* **WHAT THE TASK REQUIRES**
Where the listing below has a line containing "(\<forall>a\<in>cObj C. cId", output that line and all lines after it, verbatim, and no others.

________________

(* Let $\phi:\mathcal N_1\to\mathcal N_2$ be an admissible epi-functor between nested graphs. Then there exist a nested graph $\mathcal N_2'$, a merger $\mu:\mathcal N_1\to\mathcal N_2'$ and a contraction $\kappa:\mathcal N_2'\to\mathcal N_2$ such that $\phi=\kappa\circ\mu$ (such a decomposition is in general not unique).
   Context: A nested graph is a small category $\mathcal N$ for which there exists at least one functor $G:\mathcal N\to\underline n$ to a finite ordinal $\underline n$ (viewed as the category with a unique morphism $i\to j$ when $i\le j$ and none otherwise) sending every non-identity morphism to a non-identity morphism. Objects are called nodes. A flag is a non-identity morphism, said to be decorated by its domain. A flag is irreducible if it is not a composite of two flags. A vertex of a nested graph is a node that is not the domain of any flag; a corolla is a nested graph with exactly one vertex. A functor $\phi$ contracts a flag $f$ if $\phi(f)$ is an identity. A functor $\phi:\mathcal N_1\to\mathcal N_2$ between nested graphs is admissible if (1) for every irreducible flag $f$ of $\mathcal N_1$, $\phi(f)$ is an identity or an irreducible flag, and (2) for every irreducible flag $f:A\to B$ of $\mathcal N_1$ contracted by $\phi$, $\phi$ contracts every irreducible flag with domain $A$. An epi-functor $\phi:\mathcal N_1\to\mathcal N_2$ is a functor whose image generates all of $\mathcal N_2$. A merger is an admissible epi-functor $\mu:\mathcal N_1\to\mathcal N_2$ such that $\mathcal N_2$ is a quotient of $\mathcal N_1$ by an equivalence relation on the objects of $\mathcal N_1$. A contraction is an admissible epi-functor $\kappa:\mathcal N_1\to\mathcal N_2$ such that for every node $A_2$ of $\mathcal N_2$ the fiber $\kappa^{-1}(A_2)$ (objects mapped to $A_2$, morphisms mapped to the identity of $A_2$) is a corolla. *)

theory Defs
  imports Main
begin

record ('o, 'm) cat =
  cObj  :: "'o set"
  cArr  :: "'m set"
  cDom  :: "'m \<Rightarrow> 'o"
  cCod  :: "'m \<Rightarrow> 'o"
  cId   :: "'o \<Rightarrow> 'm"
  cComp :: "'m \<Rightarrow> 'm \<Rightarrow> 'm"   (* cComp C g f = g \<circ> f, defined when cCod f = cDom g *)

definition category :: "('o, 'm) cat \<Rightarrow> bool" where
  "category C \<longleftrightarrow>
     (\<forall>f\<in>cArr C. cDom C f \<in> cObj C \<and> cCod C f \<in> cObj C) \<and>
     (\<forall>a\<in>cObj C. cId C a \<in> cArr C \<and> cDom C (cId C a) = a \<and> cCod C (cId C a) = a) \<and>
     (\<forall>f\<in>cArr C. \<forall>g\<in>cArr C. cCod C f = cDom C g \<longrightarrow>
         cComp C g f \<in> cArr C \<and> cDom C (cComp C g f) = cDom C f \<and> cCod C (cComp C g f) = cCod C g) \<and>
     (\<forall>f\<in>cArr C. cComp C f (cId C (cDom C f)) = f \<and> cComp C (cId C (cCod C f)) f = f) \<and>
     (\<forall>f\<in>cArr C. \<forall>g\<in>cArr C. \<forall>h\<in>cArr C. cCod C f = cDom C g \<longrightarrow> cCod C g = cDom C h \<longrightarrow>
         cComp C h (cComp C g f) = cComp C (cComp C h g) f)"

________________

* **EXERCISE OUTPUT**
     (\<forall>a\<in>cObj C. cId C a \<in> cArr C \<and> cDom C (cId C a) = a \<and> cCod C (cId C a) = a) \<and>
     (\<forall>f\<in>cArr C. \<forall>g\<in>cArr C. cCod C f = cDom C g \<longrightarrow>
         cComp C g f \<in> cArr C \<and> cDom C (cComp C g f) = cDom C f \<and> cCod C (cComp C g f) = cCod C g) \<and>
     (\<forall>f\<in>cArr C. cComp C f (cId C (cDom C f)) = f \<and> cComp C (cId C (cCod C f)) f = f) \<and>
     (\<forall>f\<in>cArr C. \<forall>g\<in>cArr C. \<forall>h\<in>cArr C. cCod C f = cDom C g \<longrightarrow> cCod C g = cDom C h \<longrightarrow>
         cComp C h (cComp C g f) = cComp C (cComp C h g) f)"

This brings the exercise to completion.